* _What the task asks_
Go through the data below and copy each line where the word "lemma" occurs.
++++ Given records ++++
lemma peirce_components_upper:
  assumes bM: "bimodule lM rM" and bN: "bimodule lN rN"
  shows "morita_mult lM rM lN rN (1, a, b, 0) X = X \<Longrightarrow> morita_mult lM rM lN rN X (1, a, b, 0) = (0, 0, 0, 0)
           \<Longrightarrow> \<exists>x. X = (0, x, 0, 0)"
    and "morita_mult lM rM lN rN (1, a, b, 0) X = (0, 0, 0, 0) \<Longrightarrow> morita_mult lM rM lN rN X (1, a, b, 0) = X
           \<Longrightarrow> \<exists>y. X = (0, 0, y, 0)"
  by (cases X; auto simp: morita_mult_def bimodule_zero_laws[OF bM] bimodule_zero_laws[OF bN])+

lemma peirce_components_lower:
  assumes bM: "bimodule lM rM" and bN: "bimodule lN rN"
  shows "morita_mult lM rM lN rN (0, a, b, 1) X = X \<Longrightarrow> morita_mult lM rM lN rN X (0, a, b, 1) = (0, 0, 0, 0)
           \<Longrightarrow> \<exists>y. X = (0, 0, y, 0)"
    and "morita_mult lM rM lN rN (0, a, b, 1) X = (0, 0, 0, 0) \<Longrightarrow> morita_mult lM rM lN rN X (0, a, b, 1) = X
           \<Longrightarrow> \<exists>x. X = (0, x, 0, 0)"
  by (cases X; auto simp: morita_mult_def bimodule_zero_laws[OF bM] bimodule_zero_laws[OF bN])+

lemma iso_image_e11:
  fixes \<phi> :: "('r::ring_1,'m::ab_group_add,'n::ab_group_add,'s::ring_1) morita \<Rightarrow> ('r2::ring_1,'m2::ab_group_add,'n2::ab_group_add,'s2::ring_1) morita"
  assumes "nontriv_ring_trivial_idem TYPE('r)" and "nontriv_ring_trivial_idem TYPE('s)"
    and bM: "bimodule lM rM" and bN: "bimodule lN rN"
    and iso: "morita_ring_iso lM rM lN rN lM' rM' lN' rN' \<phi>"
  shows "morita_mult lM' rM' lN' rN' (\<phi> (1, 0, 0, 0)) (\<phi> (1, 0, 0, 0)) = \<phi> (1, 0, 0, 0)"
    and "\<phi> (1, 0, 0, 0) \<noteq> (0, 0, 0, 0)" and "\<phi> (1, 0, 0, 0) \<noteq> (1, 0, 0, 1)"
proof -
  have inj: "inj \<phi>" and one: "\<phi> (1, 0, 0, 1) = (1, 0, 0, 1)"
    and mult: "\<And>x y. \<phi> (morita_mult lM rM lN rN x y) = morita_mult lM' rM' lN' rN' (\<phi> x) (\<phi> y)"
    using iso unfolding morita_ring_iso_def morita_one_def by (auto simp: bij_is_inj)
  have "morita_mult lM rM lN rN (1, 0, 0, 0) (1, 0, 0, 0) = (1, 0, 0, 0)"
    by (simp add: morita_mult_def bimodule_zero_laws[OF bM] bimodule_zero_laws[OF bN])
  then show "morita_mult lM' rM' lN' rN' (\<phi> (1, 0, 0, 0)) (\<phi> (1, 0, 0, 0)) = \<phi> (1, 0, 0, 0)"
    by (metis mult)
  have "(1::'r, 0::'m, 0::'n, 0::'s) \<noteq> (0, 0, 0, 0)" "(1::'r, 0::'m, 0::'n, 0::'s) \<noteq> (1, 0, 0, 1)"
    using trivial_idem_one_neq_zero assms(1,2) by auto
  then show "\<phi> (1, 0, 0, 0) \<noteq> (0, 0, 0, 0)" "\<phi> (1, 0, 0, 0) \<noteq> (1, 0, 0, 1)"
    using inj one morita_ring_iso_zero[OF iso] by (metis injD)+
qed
++++
* _The completed task_
lemma peirce_components_upper:
lemma peirce_components_lower:
lemma iso_image_e11:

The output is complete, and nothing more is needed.